Brief. Starting at the line below holding "using prefix[of m]" and stopping at the line holding "using F[of n] unfolding", print every line exactly, both ends included, and leave the rest out.

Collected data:
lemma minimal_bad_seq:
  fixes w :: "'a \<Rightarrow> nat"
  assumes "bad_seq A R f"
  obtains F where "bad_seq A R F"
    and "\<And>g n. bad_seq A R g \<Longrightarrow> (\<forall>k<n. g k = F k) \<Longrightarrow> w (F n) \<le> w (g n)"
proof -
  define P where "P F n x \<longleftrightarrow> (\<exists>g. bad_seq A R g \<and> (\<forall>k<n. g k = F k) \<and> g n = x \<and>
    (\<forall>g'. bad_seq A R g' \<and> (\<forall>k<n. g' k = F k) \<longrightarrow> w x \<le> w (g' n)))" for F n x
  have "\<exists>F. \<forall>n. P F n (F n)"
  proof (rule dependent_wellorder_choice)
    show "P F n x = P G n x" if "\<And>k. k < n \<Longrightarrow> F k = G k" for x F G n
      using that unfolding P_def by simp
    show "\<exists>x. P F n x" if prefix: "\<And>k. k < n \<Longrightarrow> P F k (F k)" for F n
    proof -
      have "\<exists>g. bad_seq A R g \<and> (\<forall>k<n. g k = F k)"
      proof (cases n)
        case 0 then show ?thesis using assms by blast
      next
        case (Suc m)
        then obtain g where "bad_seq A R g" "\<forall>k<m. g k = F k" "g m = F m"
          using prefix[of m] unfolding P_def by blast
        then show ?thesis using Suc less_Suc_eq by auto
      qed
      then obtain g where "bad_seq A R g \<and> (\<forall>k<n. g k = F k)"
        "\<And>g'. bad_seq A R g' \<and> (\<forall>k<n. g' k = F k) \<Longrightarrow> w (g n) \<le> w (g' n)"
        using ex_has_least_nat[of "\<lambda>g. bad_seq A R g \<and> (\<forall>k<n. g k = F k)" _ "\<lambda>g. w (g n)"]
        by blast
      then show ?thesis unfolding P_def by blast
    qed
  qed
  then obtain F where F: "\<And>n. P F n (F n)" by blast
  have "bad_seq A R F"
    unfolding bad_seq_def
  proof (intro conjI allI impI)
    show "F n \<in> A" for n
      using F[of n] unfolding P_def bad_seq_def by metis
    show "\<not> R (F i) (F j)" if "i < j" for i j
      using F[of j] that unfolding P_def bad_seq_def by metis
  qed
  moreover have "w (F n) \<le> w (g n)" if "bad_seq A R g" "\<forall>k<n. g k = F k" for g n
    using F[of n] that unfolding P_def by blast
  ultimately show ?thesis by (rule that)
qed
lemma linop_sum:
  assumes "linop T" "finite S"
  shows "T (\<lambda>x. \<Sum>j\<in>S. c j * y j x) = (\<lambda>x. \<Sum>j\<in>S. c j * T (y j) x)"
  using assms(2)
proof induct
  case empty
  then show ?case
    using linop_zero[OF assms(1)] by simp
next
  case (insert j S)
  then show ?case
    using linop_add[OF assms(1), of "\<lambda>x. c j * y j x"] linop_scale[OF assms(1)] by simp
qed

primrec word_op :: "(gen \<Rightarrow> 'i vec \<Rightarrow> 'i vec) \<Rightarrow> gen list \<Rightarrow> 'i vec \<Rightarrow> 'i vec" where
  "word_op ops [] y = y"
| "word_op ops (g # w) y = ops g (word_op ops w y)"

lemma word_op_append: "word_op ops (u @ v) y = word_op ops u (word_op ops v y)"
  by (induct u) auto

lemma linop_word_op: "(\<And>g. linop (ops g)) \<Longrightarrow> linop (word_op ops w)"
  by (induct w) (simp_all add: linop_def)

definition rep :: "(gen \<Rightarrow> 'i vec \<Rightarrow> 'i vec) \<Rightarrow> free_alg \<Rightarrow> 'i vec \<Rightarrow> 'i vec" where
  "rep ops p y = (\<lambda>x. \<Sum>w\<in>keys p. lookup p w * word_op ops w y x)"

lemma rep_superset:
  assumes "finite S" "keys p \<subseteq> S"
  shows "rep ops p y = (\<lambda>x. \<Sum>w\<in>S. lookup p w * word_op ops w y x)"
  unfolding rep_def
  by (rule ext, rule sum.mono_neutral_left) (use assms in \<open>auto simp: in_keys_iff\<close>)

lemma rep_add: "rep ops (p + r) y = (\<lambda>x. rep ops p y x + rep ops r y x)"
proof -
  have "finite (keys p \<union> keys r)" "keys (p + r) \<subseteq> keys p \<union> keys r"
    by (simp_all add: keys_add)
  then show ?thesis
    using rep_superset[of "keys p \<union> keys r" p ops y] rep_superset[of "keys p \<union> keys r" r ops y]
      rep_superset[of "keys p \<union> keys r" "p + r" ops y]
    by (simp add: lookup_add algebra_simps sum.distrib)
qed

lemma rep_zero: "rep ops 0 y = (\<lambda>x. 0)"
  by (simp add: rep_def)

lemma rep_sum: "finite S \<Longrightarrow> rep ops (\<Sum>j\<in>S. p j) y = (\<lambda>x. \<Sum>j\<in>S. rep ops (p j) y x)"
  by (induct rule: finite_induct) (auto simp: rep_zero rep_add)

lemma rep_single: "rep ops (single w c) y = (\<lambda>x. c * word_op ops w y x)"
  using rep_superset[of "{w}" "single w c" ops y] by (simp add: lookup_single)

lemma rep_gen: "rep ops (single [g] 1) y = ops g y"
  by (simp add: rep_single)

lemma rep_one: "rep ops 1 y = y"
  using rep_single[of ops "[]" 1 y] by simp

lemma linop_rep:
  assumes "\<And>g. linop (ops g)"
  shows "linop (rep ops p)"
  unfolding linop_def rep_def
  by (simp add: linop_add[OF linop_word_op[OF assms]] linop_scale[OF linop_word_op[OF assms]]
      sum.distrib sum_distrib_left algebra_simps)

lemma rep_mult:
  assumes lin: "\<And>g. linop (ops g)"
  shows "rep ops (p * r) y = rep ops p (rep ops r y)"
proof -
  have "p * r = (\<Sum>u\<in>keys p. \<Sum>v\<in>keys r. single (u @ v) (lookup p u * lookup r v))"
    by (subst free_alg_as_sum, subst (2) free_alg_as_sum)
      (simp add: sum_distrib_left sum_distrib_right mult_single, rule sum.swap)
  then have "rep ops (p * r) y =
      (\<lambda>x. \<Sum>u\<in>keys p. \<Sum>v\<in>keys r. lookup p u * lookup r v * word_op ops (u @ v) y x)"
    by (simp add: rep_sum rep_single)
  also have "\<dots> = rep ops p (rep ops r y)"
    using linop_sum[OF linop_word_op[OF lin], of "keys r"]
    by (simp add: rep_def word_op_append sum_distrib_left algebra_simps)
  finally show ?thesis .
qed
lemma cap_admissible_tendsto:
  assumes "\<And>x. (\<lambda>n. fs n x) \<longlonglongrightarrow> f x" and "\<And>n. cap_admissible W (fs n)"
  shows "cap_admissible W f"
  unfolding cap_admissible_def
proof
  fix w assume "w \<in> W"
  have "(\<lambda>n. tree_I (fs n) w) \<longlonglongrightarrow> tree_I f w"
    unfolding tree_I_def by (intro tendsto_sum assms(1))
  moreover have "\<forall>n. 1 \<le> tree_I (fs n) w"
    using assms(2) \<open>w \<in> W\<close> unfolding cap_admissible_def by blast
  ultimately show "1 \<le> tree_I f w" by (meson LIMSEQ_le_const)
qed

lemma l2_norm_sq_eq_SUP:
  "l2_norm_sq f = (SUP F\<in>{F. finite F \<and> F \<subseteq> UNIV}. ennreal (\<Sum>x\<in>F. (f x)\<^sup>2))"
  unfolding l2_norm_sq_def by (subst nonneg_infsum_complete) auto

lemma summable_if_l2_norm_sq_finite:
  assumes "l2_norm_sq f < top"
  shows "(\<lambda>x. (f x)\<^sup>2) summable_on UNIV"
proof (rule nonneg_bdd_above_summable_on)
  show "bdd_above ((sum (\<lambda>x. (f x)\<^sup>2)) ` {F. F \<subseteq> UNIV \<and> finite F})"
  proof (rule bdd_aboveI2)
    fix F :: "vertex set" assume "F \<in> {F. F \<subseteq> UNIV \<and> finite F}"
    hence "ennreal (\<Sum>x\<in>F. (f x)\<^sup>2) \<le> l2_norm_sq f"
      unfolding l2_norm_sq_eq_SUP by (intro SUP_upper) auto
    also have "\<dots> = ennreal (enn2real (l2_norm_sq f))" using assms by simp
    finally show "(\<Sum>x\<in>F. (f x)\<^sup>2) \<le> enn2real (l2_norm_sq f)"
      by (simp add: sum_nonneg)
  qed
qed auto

Answer to this task.
          using prefix[of m] unfolding P_def by blast
        then show ?thesis using Suc less_Suc_eq by auto
      qed
      then obtain g where "bad_seq A R g \<and> (\<forall>k<n. g k = F k)"
        "\<And>g'. bad_seq A R g' \<and> (\<forall>k<n. g' k = F k) \<Longrightarrow> w (g n) \<le> w (g' n)"
        using ex_has_least_nat[of "\<lambda>g. bad_seq A R g \<and> (\<forall>k<n. g k = F k)" _ "\<lambda>g. w (g n)"]
        by blast
      then show ?thesis unfolding P_def by blast
    qed
  qed
  then obtain F where F: "\<And>n. P F n (F n)" by blast
  have "bad_seq A R F"
    unfolding bad_seq_def
  proof (intro conjI allI impI)
    show "F n \<in> A" for n
      using F[of n] unfolding P_def bad_seq_def by metis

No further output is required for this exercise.